Solitary Sunday #1


My very first Solitary Sunday wasn’t as bad as I thought it would be!

I slipped up, of course.  I texted my childhood best friend Melissa on Sunday morning when she asked me to send her my number after getting a new phone.  I peeked at Twitter on Sunday evening.  I turned on and watched a single episode of Law & Order SVU on Netflix while making lunch.  However, as a whole, I did a pretty good job with following through with my goals for Solitary Sunday.  I give myself a 7/10.

I didn’t text my friend Chiara who, in our typical fashion, blew up my phone with texts this AM.  I usually blow her up right back.  This is the person I talk to the most throughout the day, my colleague and fellow workaholic, and my dearest Orlando friend.  She’s the first person I text in the morning and the last person I text at night.  It was difficult to ignore her texts.  I just knew they were there without even looking at my phone (which I did a great job of leaving in my purse after texting Melissa in the morning).

Funnily enough, I was able to ignore the other texts I received throughout the day.  Since the Facebook deactivation, I must admit, I’ve gotten significantly better about not checking my phone every 30 minutes.

I really related to a Harvard Business Review article I read this weekend by Peter Bregman.  Bregman writes, “The world is moving fast and it’s only getting faster. So much technology. So much information. So much to understand, to think about, to react to” (Source).  This is one of the biggest reasons why I began the Solitary Sunday project.  It isn’t healthy to spend 24 hours a day, 7 days a week plugged in and dealing with information overload.  While one day off might not change very much, it was certainly refreshing.

So what exactly did I do on Sunday?


First, I cleaned my entire house.  Vacuuming, mopping, scrubbing, polishing, wiping… I deep cleaned the refrigerator for the first time since we bought the house.  This house is spotless, and it needed the TLC.  If I am able to do this good a cleaning every Sunday, I will be much happier (and my husband will be less asthmatic) living with our furry, four-legged children Sparks, Lily, and Sailor.

Second, I worked on my fitness.  With Tropical Storm Beryl looming, it rained a little, but I was able to get in a solid 4-mile run.  I need to keep building up long runs on Sunday so I can accomplish this 10K goal I’ve set for myself.

Third, I graded and re-read Resonate for the third time.  I had quite a bit of late student work to catch up on; some student questions to attend to; and, of course, some reading for the launch of Resonate as the new class textbook in July.

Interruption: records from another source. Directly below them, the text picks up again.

lemma exists_root_sign_Im_nonzero:
  assumes "L \<ge> 3" and "c = 1 \<or> c = -1"
  shows "\<exists>z. z ^ L = c \<and> Im z \<noteq> 0"
proof -
  define \<theta> where "\<theta> = (if c = 1 then 2 * pi else pi)"
  have "\<theta> / real L \<le> 2 * pi / 3" using assms(1) by (intro frac_le) (auto simp: \<theta>_def)
  moreover have "0 < \<theta> / real L" using assms(1) by (simp add: \<theta>_def)
  ultimately have "sin (\<theta> / real L) > 0" using pi_gt_zero by (intro sin_gt_zero) linarith+
  moreover have "cis (\<theta> / real L) ^ L = c"
    using assms cis_root[of L \<theta>] by (auto simp: \<theta>_def)
  ultimately show ?thesis by (intro exI[of _ "cis (\<theta> / real L)"]) simp
qed

lemma monomial_mat_involution:
  fixes w :: "nat \<Rightarrow> real"
  assumes p: "p permutes {..<n}" and w: "\<forall>r<n. w r = 1 \<or> w r = -1"
    and no_eigenvalue: "\<And>z. z \<in> G \<Longrightarrow> \<not> eigenvalue (map_mat complex_of_real (monomial_mat n p w)) z"
    and roots: "\<And>L c. L \<ge> 3 \<Longrightarrow> c = 1 \<or> c = -1 \<Longrightarrow> \<exists>z\<in>G. z ^ L = c"
    and i: "i < n"
  shows "p (p i) = i"
proof -
  let ?L = "least_power p i"
  have "\<not> ?L \<ge> 3"
  proof
    assume "?L \<ge> 3"
    have "(p ^^ t) i < n" for t
      using i permutes_in_image[OF permutes_funpow[OF p]] by simp
    then have "complex_of_real (w ((p ^^ t) i)) = 1 \<or> complex_of_real (w ((p ^^ t) i)) = -1" for t
      using w by (metis of_real_1 of_real_minus)
    then have "(\<Prod>t<?L. complex_of_real (w ((p ^^ t) i))) = 1
        \<or> (\<Prod>t<?L. complex_of_real (w ((p ^^ t) i))) = -1"
      by (intro prod_sign) blast
    then obtain z where "z \<in> G" and z: "z ^ ?L = (\<Prod>t<?L. complex_of_real (w ((p ^^ t) i)))"
      using roots[OF \<open>?L \<ge> 3\<close>] by blast
    have "eigenvalue (monomial_mat n p (complex_of_real \<circ> w)) z"
      by (rule eigenvalue_monomial_mat[OF p _ i]) (use w z in auto)
    with no_eigenvalue[OF \<open>z \<in> G\<close>] show False by (simp add: map_monomial_mat)
  qed
  then have "?L = 1 \<or> ?L = 2" using permutes_least_power(1)[OF p, of i] by linarith
  then show ?thesis
    using permutes_least_power(2)[OF p, of i] by (auto simp: numeral_2_eq_2)
qed

lemma monomial_mat_transposition_weight:
  fixes w :: "nat \<Rightarrow> real"
  assumes p: "p permutes {..<n}" and w: "\<forall>r<n. w r = 1 \<or> w r = -1"
    and no_eigenvalue: "\<not> eigenvalue (map_mat complex_of_real (monomial_mat n p w)) z"
    and z: "z ^ 2 = complex_of_real c" and c: "c = 1 \<or> c = -1"
    and i: "i < n" and "p i \<noteq> i" and "p (p i) = i"
  shows "w i * w (p i) = - c"
proof -
  have perm: "permutation p" using p by (metis finite_lessThan permutation_permutes)
  have L: "least_power p i = 2"
    using least_power_le[where f = p and n = 2 and x = i] least_power_gt_one[OF perm \<open>p i \<noteq> i\<close>]
      \<open>p (p i) = i\<close> by (simp add: numeral_2_eq_2)
  have "w i * w (p i) \<noteq> c"
  proof
    assume "w i * w (p i) = c"
    then have "eigenvalue (monomial_mat n p (complex_of_real \<circ> w)) z"
      using z L w by (intro eigenvalue_monomial_mat[OF p _ i]) (auto simp: numeral_2_eq_2)
    with no_eigenvalue show False by (simp add: map_monomial_mat)
  qed
  moreover have "p i < n" using p i by (metis lessThan_iff permutes_in_image)
  then have "w i = 1 \<or> w i = -1" "w (p i) = 1 \<or> w (p i) = -1" using w i by simp_all
  ultimately show ?thesis using c by auto
qed
lemma is_LCD_C_hat_char2:
  fixes a b :: "'a::field"
  assumes "(2::'a) = 0" and b: "b \<noteq> 0" and nonroot: "lucas (- (a + 1) / b) (n + 1) \<noteq> 0"
  shows "is_LCD (2 * n) (C_hat n a b)"
  unfolding C_hat_def
proof (rule is_LCD_lin_code_if_gram_injective[OF gen_IT_carrier])
  let ?T = "tridiag_toeplitz n (a + 1) b"
  fix u :: "'a vec"
  assume u: "u \<in> carrier_vec n"
    and "(gen_IT n a b * transpose_mat (gen_IT n a b)) *\<^sub>v u = 0\<^sub>v n"
  then have "?T *\<^sub>v (?T *\<^sub>v u) = 0\<^sub>v n"
    by (simp add: gen_IT_gram_char2[OF assms(1)] assoc_mult_mat_vec[of ?T n n ?T n u])
  moreover have "?T *\<^sub>v u \<in> carrier_vec n"
    using u by (simp add: mult_mat_vec_carrier[OF tridiag_toeplitz_carrier])
  ultimately have "?T *\<^sub>v u = 0\<^sub>v n"
    using tridiag_toeplitz_kernel_trivial[OF b nonroot] by blast
  then show "u = 0\<^sub>v n"
    using tridiag_toeplitz_kernel_trivial[OF b nonroot u] by simp
qed

theorem corollary2p5:
  fixes b :: "'a::{field,finite}" and n r m :: nat
  assumes "\<exists>k. card (UNIV :: 'a set) = 2 ^ k"
    and "b \<noteq> 0"
    and "n \<ge> 2"
    and "2 ^ r dvd n + 1" and "\<not> 2 ^ (r + 1) dvd n + 1"
    and "n + 1 = 2 ^ r * (m + 1)"
    and "r \<ge> 1"
    and "real (card (UNIV :: 'a set)) > real m / 2 + 1"
  shows "\<exists>a::'a. is_LCD (2 * n) (C_hat n a b)"
proof -
  have two: "(2::'a) = 0"
    using assms(1) char2_if_card_UNIV_power_of_two by blast
  have "odd (m + 1)"
  proof
    assume "even (m + 1)"
    then obtain t where "m + 1 = 2 * t"
      by blast
    then have "n + 1 = 2 ^ (r + 1) * t"
      using assms(6) by simp
    with assms(5) show False
      by simp
  qed
  then obtain j where j: "m = 2 * j"
    by (auto elim!: evenE)
  obtain x :: 'a where "lucas x (n + 1) \<noteq> 0"
    using ex_lucas_nonroot_char2[OF two, of j r] assms(6,8) j by auto
  then have "is_LCD (2 * n) (C_hat n (- (b * x) - 1) b)"
    using assms(2) by (intro is_LCD_C_hat_char2[OF two]) simp_all
  then show ?thesis ..
qed

end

Bregman says, “So we try to speed up to match the pace of the action around us. We stay up until 3 am trying to answer all our emails. We twitter, we facebook, and we link-in. We scan news websites wanting to make sure we stay up to date on the latest updates. And we salivate each time we hear the beep or vibration of a new text message” (Source).  It was nice to spend my Sunday accomplishing instead of wasting time.  It was even nicer to slow down, to relax, to rest from the overstimulation that comes along with my technology-saturated life.  Bregman agrees.  He argues, “The speed with which information hurtles towards us is unavoidable (and it’s getting worse). But trying to catch it all is counterproductive. The faster the waves come, the more deliberately we need to navigate. Otherwise we’ll get tossed around like so many particles of sand, scattered to oblivion. Never before has it been so important to be grounded and intentional and to know what’s important” (Source).

So, what, exactly, is important in my life?  These are the types of questions I want to spend my Solitary Sundays answering.  My goal is to spend my time prioritizing, growing, and learning from the silence of being mostly technology-less.  I would love to go completely phone, television, and computer free on Sundays, so this might be a goal after a few months of the Solitary Sunday project… Imagine that!

And to assuage your fears: I don’t plan to spend every Solitary Sunday literally alone in my house.  This much-needed day of rest and relaxation by myself was necessary after this month of working very, very long 6-day workweeks.  Next Sunday, my goal is to do something fun and technology-free 100% outside of the house.  Perhaps it’s time for a much-needed beach day with the BFFs…

Did you participate in Solitary Sunday?  How did you do?